=== SUPPLIED RECORDS ===
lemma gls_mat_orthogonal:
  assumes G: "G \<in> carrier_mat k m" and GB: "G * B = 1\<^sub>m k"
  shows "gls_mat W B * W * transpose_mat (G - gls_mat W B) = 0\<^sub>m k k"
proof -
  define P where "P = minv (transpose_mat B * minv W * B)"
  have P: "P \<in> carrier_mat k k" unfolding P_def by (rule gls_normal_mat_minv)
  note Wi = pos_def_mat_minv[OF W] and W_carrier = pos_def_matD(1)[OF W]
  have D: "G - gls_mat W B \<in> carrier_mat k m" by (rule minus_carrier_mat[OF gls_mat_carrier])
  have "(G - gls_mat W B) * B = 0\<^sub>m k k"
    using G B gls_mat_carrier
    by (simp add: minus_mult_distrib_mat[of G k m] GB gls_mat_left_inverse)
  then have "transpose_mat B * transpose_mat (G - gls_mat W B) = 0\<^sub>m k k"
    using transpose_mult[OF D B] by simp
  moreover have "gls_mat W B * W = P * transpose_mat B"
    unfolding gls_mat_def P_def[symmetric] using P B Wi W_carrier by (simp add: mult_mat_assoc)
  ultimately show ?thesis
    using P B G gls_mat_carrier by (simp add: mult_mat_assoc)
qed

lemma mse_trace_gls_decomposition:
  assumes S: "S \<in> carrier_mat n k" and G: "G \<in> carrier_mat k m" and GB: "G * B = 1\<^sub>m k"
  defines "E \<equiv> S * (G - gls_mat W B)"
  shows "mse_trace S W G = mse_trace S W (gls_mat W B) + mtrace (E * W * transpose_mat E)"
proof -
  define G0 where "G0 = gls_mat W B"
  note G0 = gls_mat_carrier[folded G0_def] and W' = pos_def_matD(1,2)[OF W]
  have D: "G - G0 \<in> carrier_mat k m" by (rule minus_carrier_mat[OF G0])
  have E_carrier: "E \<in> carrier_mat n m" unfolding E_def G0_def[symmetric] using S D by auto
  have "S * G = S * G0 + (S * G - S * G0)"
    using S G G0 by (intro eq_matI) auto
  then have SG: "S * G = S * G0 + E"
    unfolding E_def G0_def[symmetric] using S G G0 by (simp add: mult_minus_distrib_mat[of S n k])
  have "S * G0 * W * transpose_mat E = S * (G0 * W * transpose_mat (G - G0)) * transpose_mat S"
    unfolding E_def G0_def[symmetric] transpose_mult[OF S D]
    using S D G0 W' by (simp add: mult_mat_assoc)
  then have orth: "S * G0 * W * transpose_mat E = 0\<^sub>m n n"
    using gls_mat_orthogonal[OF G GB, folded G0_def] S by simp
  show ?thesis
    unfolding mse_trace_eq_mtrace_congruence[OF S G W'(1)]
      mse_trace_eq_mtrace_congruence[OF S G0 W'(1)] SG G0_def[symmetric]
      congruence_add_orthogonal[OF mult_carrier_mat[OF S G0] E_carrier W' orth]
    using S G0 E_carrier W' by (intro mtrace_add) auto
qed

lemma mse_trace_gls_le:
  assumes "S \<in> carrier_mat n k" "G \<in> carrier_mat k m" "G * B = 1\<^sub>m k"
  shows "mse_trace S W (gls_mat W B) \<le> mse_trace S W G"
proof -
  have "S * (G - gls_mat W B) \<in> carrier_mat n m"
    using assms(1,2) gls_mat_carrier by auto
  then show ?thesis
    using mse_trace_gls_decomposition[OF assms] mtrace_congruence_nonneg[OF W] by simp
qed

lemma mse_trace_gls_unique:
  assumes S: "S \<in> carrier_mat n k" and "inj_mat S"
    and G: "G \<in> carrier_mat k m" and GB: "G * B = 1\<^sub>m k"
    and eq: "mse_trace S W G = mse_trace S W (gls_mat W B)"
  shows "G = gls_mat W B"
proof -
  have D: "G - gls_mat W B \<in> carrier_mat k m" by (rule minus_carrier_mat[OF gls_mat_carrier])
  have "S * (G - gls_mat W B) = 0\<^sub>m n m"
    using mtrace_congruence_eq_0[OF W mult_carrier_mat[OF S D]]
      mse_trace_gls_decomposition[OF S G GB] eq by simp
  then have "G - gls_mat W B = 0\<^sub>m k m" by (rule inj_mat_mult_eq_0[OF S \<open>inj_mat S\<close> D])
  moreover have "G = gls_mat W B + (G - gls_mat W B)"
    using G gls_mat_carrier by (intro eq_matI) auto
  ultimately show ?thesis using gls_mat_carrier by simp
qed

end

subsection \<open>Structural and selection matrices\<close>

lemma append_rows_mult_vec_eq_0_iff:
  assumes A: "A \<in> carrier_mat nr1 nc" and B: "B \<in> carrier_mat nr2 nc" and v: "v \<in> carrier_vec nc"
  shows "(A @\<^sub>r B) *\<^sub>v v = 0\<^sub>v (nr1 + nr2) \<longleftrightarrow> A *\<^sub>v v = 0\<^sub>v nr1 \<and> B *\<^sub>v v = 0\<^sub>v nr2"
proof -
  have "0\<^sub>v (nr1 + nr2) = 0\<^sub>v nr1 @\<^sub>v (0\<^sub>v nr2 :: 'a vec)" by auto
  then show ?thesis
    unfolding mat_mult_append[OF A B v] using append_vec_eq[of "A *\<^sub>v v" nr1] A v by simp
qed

=== YOUR GOAL ===
Copy out the lines above exactly, beginning at the one that contains "note Wi = pos_def_mat_minv[OF" and ending at the one that contains "(rule minus_carrier_mat[OF G0])".

=== ANSWER SECTION ===
  note Wi = pos_def_mat_minv[OF W] and W_carrier = pos_def_matD(1)[OF W]
  have D: "G - gls_mat W B \<in> carrier_mat k m" by (rule minus_carrier_mat[OF gls_mat_carrier])
  have "(G - gls_mat W B) * B = 0\<^sub>m k k"
    using G B gls_mat_carrier
    by (simp add: minus_mult_distrib_mat[of G k m] GB gls_mat_left_inverse)
  then have "transpose_mat B * transpose_mat (G - gls_mat W B) = 0\<^sub>m k k"
    using transpose_mult[OF D B] by simp
  moreover have "gls_mat W B * W = P * transpose_mat B"
    unfolding gls_mat_def P_def[symmetric] using P B Wi W_carrier by (simp add: mult_mat_assoc)
  ultimately show ?thesis
    using P B G gls_mat_carrier by (simp add: mult_mat_assoc)
qed

lemma mse_trace_gls_decomposition:
  assumes S: "S \<in> carrier_mat n k" and G: "G \<in> carrier_mat k m" and GB: "G * B = 1\<^sub>m k"
  defines "E \<equiv> S * (G - gls_mat W B)"
  shows "mse_trace S W G = mse_trace S W (gls_mat W B) + mtrace (E * W * transpose_mat E)"
proof -
  define G0 where "G0 = gls_mat W B"
  note G0 = gls_mat_carrier[folded G0_def] and W' = pos_def_matD(1,2)[OF W]
  have D: "G - G0 \<in> carrier_mat k m" by (rule minus_carrier_mat[OF G0])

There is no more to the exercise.